* _TASK OBJECTIVE_
The required output is all lines below that contain the word "definition".

* _DATASET ENTRIES_

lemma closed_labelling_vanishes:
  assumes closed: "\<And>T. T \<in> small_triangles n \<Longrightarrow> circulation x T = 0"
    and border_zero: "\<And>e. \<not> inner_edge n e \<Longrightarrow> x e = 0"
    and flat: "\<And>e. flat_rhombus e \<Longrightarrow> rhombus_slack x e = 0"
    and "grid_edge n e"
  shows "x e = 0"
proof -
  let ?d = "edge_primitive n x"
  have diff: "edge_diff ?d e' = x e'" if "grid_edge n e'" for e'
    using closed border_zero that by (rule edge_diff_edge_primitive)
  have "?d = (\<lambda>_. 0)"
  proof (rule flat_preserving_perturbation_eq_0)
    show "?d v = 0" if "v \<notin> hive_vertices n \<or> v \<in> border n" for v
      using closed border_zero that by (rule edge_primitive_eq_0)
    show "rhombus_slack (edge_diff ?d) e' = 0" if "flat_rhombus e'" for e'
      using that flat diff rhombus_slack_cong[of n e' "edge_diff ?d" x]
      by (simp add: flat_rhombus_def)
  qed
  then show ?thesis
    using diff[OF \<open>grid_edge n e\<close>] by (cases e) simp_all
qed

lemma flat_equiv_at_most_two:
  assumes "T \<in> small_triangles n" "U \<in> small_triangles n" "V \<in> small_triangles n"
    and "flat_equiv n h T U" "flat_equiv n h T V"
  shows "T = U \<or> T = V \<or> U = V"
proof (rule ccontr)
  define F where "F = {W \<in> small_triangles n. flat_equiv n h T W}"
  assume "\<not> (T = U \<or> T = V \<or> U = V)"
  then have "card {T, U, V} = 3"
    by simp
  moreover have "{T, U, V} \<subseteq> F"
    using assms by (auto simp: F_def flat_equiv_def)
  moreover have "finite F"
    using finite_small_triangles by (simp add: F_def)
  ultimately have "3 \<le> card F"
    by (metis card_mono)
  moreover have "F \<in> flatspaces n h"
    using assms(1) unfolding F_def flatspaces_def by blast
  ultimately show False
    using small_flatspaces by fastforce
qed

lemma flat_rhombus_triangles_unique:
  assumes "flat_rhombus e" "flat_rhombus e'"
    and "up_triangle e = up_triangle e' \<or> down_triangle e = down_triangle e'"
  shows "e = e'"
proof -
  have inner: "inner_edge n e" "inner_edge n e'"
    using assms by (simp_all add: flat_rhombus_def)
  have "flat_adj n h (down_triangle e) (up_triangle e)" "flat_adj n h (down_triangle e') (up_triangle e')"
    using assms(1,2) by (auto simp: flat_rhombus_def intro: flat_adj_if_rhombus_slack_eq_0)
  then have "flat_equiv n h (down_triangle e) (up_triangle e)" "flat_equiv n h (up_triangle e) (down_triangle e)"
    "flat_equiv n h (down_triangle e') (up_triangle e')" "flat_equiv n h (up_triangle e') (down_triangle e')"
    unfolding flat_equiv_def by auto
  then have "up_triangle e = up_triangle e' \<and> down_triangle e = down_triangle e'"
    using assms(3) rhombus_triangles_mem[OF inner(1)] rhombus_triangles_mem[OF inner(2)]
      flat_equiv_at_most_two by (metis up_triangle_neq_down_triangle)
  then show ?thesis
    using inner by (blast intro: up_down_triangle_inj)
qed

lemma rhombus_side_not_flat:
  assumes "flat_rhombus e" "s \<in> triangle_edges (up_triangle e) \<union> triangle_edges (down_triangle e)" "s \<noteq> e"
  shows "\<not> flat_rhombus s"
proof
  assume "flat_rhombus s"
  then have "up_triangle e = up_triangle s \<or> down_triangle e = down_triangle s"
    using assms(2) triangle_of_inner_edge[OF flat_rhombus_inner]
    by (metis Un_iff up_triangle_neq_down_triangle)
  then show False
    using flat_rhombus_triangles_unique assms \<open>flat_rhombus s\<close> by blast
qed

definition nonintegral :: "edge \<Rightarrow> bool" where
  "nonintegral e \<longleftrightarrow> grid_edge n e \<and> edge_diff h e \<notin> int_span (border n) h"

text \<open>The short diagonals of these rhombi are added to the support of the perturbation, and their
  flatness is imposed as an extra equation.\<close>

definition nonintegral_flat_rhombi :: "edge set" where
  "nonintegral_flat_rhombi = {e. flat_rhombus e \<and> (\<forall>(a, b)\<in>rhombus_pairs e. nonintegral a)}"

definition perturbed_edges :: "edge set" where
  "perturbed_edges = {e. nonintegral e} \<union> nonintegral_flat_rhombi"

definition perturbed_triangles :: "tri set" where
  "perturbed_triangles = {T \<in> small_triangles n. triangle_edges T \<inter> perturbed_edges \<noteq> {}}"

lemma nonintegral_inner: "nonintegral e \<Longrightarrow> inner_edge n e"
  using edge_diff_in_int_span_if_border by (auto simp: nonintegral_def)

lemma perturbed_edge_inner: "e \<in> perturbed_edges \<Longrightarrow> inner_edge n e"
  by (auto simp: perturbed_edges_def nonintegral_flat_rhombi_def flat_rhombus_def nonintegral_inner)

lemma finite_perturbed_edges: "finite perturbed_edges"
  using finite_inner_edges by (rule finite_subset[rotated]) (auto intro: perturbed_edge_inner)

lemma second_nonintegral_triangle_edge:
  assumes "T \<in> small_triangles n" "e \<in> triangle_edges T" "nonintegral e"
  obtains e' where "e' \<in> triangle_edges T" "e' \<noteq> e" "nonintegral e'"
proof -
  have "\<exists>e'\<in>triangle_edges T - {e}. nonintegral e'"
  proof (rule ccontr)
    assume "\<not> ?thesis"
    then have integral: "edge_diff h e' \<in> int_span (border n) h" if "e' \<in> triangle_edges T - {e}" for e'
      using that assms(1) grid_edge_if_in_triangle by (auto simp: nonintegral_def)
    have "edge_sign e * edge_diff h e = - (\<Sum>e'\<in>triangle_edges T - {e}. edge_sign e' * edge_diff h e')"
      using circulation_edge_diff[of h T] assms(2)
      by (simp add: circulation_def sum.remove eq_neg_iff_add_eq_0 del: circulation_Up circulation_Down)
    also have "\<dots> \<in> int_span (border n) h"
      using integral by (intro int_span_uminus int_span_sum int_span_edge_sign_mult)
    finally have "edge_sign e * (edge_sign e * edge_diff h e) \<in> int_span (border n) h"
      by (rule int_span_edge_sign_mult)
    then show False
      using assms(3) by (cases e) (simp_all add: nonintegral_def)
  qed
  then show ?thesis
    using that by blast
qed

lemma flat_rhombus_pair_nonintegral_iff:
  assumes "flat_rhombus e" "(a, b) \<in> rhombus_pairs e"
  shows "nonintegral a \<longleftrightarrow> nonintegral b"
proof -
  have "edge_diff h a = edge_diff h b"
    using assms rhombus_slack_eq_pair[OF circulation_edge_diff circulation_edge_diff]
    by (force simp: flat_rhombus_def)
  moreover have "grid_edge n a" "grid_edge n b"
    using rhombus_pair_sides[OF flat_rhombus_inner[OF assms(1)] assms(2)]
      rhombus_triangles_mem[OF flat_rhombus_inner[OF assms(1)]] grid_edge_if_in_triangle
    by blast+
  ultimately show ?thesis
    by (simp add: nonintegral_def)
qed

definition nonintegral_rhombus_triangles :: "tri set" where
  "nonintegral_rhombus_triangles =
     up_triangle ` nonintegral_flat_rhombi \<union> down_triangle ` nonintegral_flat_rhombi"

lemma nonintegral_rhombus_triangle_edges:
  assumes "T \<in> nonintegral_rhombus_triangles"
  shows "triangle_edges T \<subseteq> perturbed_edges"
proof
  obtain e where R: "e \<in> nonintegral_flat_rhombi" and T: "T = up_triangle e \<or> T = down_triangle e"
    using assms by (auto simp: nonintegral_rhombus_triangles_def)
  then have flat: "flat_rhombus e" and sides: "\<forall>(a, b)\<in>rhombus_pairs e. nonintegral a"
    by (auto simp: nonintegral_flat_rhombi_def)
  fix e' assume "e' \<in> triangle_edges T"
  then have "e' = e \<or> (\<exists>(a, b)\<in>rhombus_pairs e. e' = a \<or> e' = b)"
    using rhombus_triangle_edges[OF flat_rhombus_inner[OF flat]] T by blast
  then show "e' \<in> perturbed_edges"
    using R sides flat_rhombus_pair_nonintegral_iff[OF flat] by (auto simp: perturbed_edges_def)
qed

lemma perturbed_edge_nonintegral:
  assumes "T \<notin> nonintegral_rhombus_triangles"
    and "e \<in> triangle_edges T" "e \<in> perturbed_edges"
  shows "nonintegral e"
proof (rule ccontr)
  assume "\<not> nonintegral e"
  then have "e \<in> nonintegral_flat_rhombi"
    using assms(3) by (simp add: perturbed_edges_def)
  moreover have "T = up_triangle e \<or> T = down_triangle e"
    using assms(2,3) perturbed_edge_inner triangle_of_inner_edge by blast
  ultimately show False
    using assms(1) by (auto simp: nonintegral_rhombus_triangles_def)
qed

* _EXERCISE RESULT_
definition nonintegral :: "edge \<Rightarrow> bool" where
definition nonintegral_flat_rhombi :: "edge set" where
definition perturbed_edges :: "edge set" where
definition perturbed_triangles :: "tri set" where
definition nonintegral_rhombus_triangles :: "tri set" where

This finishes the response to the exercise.